The Omicron dataset is more than twice the size of Delta’s and 3.5 times larger than pre-VOC and Alpha. To address this imbalance, we split Omicron into two equally sized random subsamples, ensuring no overlap between them. Each subsample included all samples from Alpha, Delta, and pre-VOC, plus half of Omicron, creating a more balanced dataset as shown in Table 6. This approach helped reduce bias and improved generalization.

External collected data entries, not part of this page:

lemma block_cases:
  fixes M :: "'a^('n::finite+'n)^('n+'n)"
  obtains a b c d where "M = block a b c d"
  using that[of "\<chi> i j. M $ Inl i $ Inl j" "\<chi> i j. M $ Inl i $ Inr j"
      "\<chi> i j. M $ Inr i $ Inl j" "\<chi> i j. M $ Inr i $ Inr j"]
  by (simp add: vec_eq_iff block_def split: sum.split)

lemma block_mult:
  fixes a b c d a' b' c' d' :: "'a::comm_ring_1^'n::finite^'n"
  shows "block a b c d ** block a' b' c' d' =
    block (a ** a' + b ** c') (a ** b' + b ** d') (c ** a' + d ** c') (c ** b' + d ** d')"
proof -
  have "(block a b c d ** block a' b' c' d') $ i $ j =
    block (a ** a' + b ** c') (a ** b' + b ** d') (c ** a' + d ** c') (c ** b' + d ** d') $ i $ j"
    for i j
    by (cases i; cases j)
      (simp_all add: matrix_matrix_mult_def sum.Plus[of UNIV UNIV, simplified UNIV_Plus_UNIV])
  then show ?thesis by (simp add: vec_eq_iff)
qed

lemma mat_1_block: "(mat 1 :: 'a::zero_neq_one^('n::finite+'n)^('n+'n)) = block (mat 1) 0 0 (mat 1)"
  by (simp add: vec_eq_iff mat_def block_def split: sum.split)

lemma transpose_block:
  "transpose (block a b c d) = block (transpose a) (transpose c) (transpose b) (transpose d)"
  by (simp add: vec_eq_iff transpose_def block_def split: sum.split)

section \<open>Determinants of block triangular matrices\<close>

lemma map_permutation_Inl_apply [simp]:
  "map_permutation UNIV Inl q (Inl i) = Inl (q i)"
  "map_permutation UNIV Inl q (Inr i) = Inr i"
  by (auto simp: map_permutation_apply map_permutation_def restrict_id_def)

lemma det_block_unit_lower_right:
  fixes A B :: "'a::comm_ring_1^'n::finite^'n"
  shows "det (block A B 0 (mat 1)) = det A"
proof -
  let ?M = "block A B 0 (mat 1)"
  let ?f = "\<lambda>p. of_int (sign p) * (\<Prod>i\<in>UNIV. ?M $ i $ p i)"
  let ?P = "{p. p permutes (UNIV :: ('n+'n) set)}"
  let ?Q = "{q. q permutes (UNIV :: 'n set)}"
  let ?lift = "map_permutation UNIV Inl :: ('n \<Rightarrow> 'n) \<Rightarrow> _"
  have "det ?M = sum ?f ?P" by (simp add: det_def)
  also have "\<dots> = sum ?f (?lift ` ?Q)"
  proof (rule sum.mono_neutral_right)
    show "?lift ` ?Q \<subseteq> ?P"
      by (auto intro!: permutes_subset[OF map_permutation_permutes[of Inl UNIV "range Inl"]] simp: bij_betw_def)
    show "\<forall>p\<in>?P - ?lift ` ?Q. ?f p = 0"
    proof
      fix p assume p_in: "p \<in> ?P - ?lift ` ?Q"
      then have p: "p permutes UNIV" by simp
      show "?f p = 0"
      proof (cases "\<forall>j. p (Inr j) = Inr j")
        case False
        then obtain j where "p (Inr j) \<noteq> Inr j" by blast
        then have "?M $ Inr j $ p (Inr j) = 0"
          by (cases "p (Inr j)") (auto simp: mat_def)
        then have "(\<Prod>i\<in>UNIV. ?M $ i $ p i) = 0" by (intro prod_zero) auto
        then show ?thesis by simp
      next
        case fixes_Inr: True
        have "\<exists>k. p (Inl i) = Inl k" for i
          using permutes_inj[OF p] fixes_Inr
          by (cases "p (Inl i)") (auto, metis injD sum.distinct(1))
        then obtain q where pq: "\<And>i. p (Inl i) = Inl (q i)" by metis
        have "inj q" by (metis injI pq permutes_inj[OF p] injD sum.inject(1))
        then have "bij q" by (simp add: bij_def finite_UNIV_inj_surj)
        then have "q permutes UNIV" by (rule bij_imp_permutes) simp
        moreover have "?lift q = p"
          by (rule ext) (metis fixes_Inr map_permutation_Inl_apply pq sum.exhaust)
        ultimately show ?thesis using p_in by auto
      qed
    qed
  qed simp
  also have "\<dots> = sum (?f \<circ> ?lift) ?Q"
    by (rule sum.reindex, rule inj_onI) (metis map_permutation_Inl_apply(1) sum.inject(1) ext)
  also have "\<dots> = sum (\<lambda>q. of_int (sign q) * (\<Prod>i\<in>UNIV. A $ i $ q i)) ?Q"
  proof (rule sum.cong)
    fix q assume "q \<in> ?Q"
    then have sign_lift: "sign (?lift q) = sign q"
      by (intro sign_map_permutation) auto
    show "(?f \<circ> ?lift) q = of_int (sign q) * (\<Prod>i\<in>UNIV. A $ i $ q i)"
      by (simp add: sign_lift prod.Plus[of UNIV UNIV, simplified UNIV_Plus_UNIV] mat_def)
  qed simp
  also have "\<dots> = det A" by (simp add: det_def)
  finally show ?thesis .
qed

Table 6 Number of sequences per category per subsampling. Number of sequences per category in each of the two subsamplings resulting from randomly splitting the Omicron sequences into two subsets of equal size.

Full size table

Although Delta and Omicron still predominated over Alpha and pre-VOC, the large number of samples across all categories provided enough data for effective model learning, minimizing the impact of sample variability.

For dataset organization, 60% of the total sequences were allocated to the Training Set, while the Validation Set and Test Set each accounted for 20%.

The composition of the dataset for each of the two subsamples is shown in Table 7.

Table 7 Dataset composition per subsampling. Distribution of the total sequences in each of the subsamplings among the training (60%), validation (20%), and test (20%) sets.

Full size table

Spectrogram generation

The initial step in generating the spectrogram of a sequence involved converting the sequence into four digital signals ($U_a$, $U_g$, $U_c$, $U_t$), each corresponding to the presence of a specific nucleotide (A, G, C, T) at every position.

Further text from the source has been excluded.